Теперь между итальянцем и русичами не было недомолвок, и он не боялся подвоха с их стороны. Чутье подсказывало ему, что эти северные варвары способны честно исполнить свое обещание.
По открытой местности путники ехали молча, сосредоточенно, а когда углубились в перелески, русичи немного расслабились и Тырта даже затянул тихую, протяжную песню:
Донато понял, что песня сложена русичами, терпевшими притеснения от татарских баскаков. В какой-то момент ему даже стало неловко, что сам он, в отличие от славян, абсолютно безразличен к исходу их войны с татарами, что его волнует только собственное счастье.
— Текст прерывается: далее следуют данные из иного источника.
definition "mean_a = (\<integral>u. a u \<partial>U)"
definition "mean_b = (\<integral>u. b u \<partial>U)"
definition "mean_c = (\<integral>u. c u \<partial>U)"

lemma a_meas[measurable]: "a \<in> borel_measurable U"
proof -
  have "a = (\<lambda>u. b u + c u)" using a_split by auto
  then show ?thesis by simp
qed

lemma a_01: "a u = 0 \<or> a u = 1"
  using a_split[of u] b_01[of u] c_01[of u] b_c_disjoint[of u] by auto

lemma abs_a_le_1: "\<bar>a u\<bar> \<le> 1" using a_01[of u] by auto
lemma abs_b_le_1: "\<bar>b u\<bar> \<le> 1" using b_01[of u] by auto
lemma abs_c_le_1: "\<bar>c u\<bar> \<le> 1" using c_01[of u] by auto
lemma abs_one_minus_a_le_1: "\<bar>1 - a u\<bar> \<le> 1" using a_01[of u] by auto

lemma a_eq_1_if_nonzero: "a u \<noteq> 0 \<Longrightarrow> a u = 1" using a_01[of u] by auto
lemma a_eq_1_if_b_nonzero: "b u \<noteq> 0 \<Longrightarrow> a u = 1"
  using a_split[of u] b_01[of u] b_c_disjoint[of u] by auto
lemma a_eq_1_if_c_nonzero: "c u \<noteq> 0 \<Longrightarrow> a u = 1"
  using a_split[of u] c_01[of u] b_c_disjoint[of u] by auto

lemma mean_b_nonneg: "0 \<le> mean_b" and mean_c_nonneg: "0 \<le> mean_c"
  and mean_a_eq: "mean_a = mean_b + mean_c"
proof -
  have "0 \<le> b u" "0 \<le> c u" for u using b_01[of u] c_01[of u] by auto
  then show "0 \<le> mean_b" "0 \<le> mean_c" unfolding mean_b_def mean_c_def
    by (simp_all add: Bochner_Integration.integral_nonneg)
  show "mean_a = mean_b + mean_c" unfolding mean_a_def mean_b_def mean_c_def a_split
    by (rule Bochner_Integration.integral_add; rule integrable_bounded_U[where B=1])
       (auto intro: abs_b_le_1 abs_c_le_1)
qed

lemma tally_meas: "S \<subseteq> I \<Longrightarrow> tally S \<in> borel_measurable M"
  unfolding tally_def by (intro borel_measurable_sum measurable_component) auto

lemma tally_is_meas: "S \<subseteq> I \<Longrightarrow> tally_is S r \<in> borel_measurable M"
proof -
  assume "S \<subseteq> I"
  then have [measurable]: "tally S \<in> borel_measurable M" by (rule tally_meas)
  show ?thesis unfolding tally_is_def by measurable
qed

lemma abs_tally_le: "finite S \<Longrightarrow> \<bar>tally S x\<bar> \<le> real (card S)"
proof -
  assume "finite S"
  have "\<bar>tally S x\<bar> \<le> (\<Sum>l\<in>S. \<bar>a (x l)\<bar>)" unfolding tally_def by (rule sum_abs)
  also have "\<dots> \<le> (\<Sum>l\<in>S. 1)" by (intro sum_mono abs_a_le_1)
  finally show ?thesis by simp
qed

lemma abs_tally_is_le_1: "\<bar>tally_is S r x\<bar> \<le> 1"
  by (simp add: tally_is_def)

lemma abs_tally_is_mult_tally_le: "finite S \<Longrightarrow> \<bar>tally_is T r x * tally S x\<bar> \<le> real (card S)"
  using abs_tally_le[of S x] by (simp add: tally_is_def)

lemma tally_is_mult_tally: "tally_is S r x * tally S x = r * tally_is S r x"
  by (simp add: tally_is_def)

lemma tally_upd: "i \<notin> S \<Longrightarrow> tally S (x(i := y)) = tally S x"
  unfolding tally_def by (intro sum.cong) auto

lemma tally_is_upd: "i \<notin> S \<Longrightarrow> tally_is S r (x(i := y)) = tally_is S r x"
  by (simp add: tally_is_def tally_upd)

lemma tally_remove: "finite S \<Longrightarrow> i \<in> S \<Longrightarrow> tally S x = tally (S - {i}) x + a (x i)"
  unfolding tally_def by (simp add: sum.remove add.commute)

lemma measure_tally_eq: "S \<subseteq> I \<Longrightarrow> measure M {x \<in> space M. tally S x = r} = (\<integral>x. tally_is S r x \<partial>M)"
proof -
  have "(\<integral>x. tally_is S r x \<partial>M) = (\<integral>x. indicator {x \<in> space M. tally S x = r} x \<partial>M)"
    by (rule Bochner_Integration.integral_cong) (auto simp: tally_is_def indicator_def)
  also assume "S \<subseteq> I"
  then have [measurable]: "tally S \<in> borel_measurable M" by (rule tally_meas)
  then have "(\<integral>x. indicator {x \<in> space M. tally S x = r} x \<partial>M) = measure M {x \<in> space M. tally S x = r}"
    by (simp add: Int_absorb2)
  finally show ?thesis ..
qed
Впрочем, ведь эта война была для него чужой, а его соплеменники если и участвовали в ней, то лишь в качестве наемников.
«Кто я теперь и где мой мир? — внезапно подумал он с грустью. — Я стал свободен, богат и мог бы вернуться на родину — пусть пока не в Рим, но в другой город Италии. А вместо этого я спешу на край света, ввергаюсь в опасности и строю свой дом на чужой земле. Значит, мой мир там, где моя любовь, где моя душа? А кто я буду без нее?..»
Размышления Донато прервал внезапный возглас Ярца:
— Тырта, гляди, там повозка на дороге! Не к твоему ли хутору едет?
Тырта вытянул шею, присматриваясь, и вдруг, подхлестнув свою лошаденку, вырвался вперед с криком:
— Гридя, сынок!
Когда Донато увидел, что на повозке лежат два раненых славянских ратника, его охватило предчувствие непоправимой беды. Молодой парень в потрепанном тегиляе, с повязкой на голове, соскочил с козел и подбежал к отцу. Они обнялись, и Тырта спросил:
— Гридя, сынок, откуда ты? Неужто сеча была?
— Сеча была великая! Вчера с утра до вечера длилась! И победа на нашей стороне!
Лицо парня, измазанное кровью и грязью, сияло торжеством, в глазах горел неостывший азарт битвы.
— Слава Богу! — Тырта перекрестился. — А ты мне говорил, что еще месяц до сражения.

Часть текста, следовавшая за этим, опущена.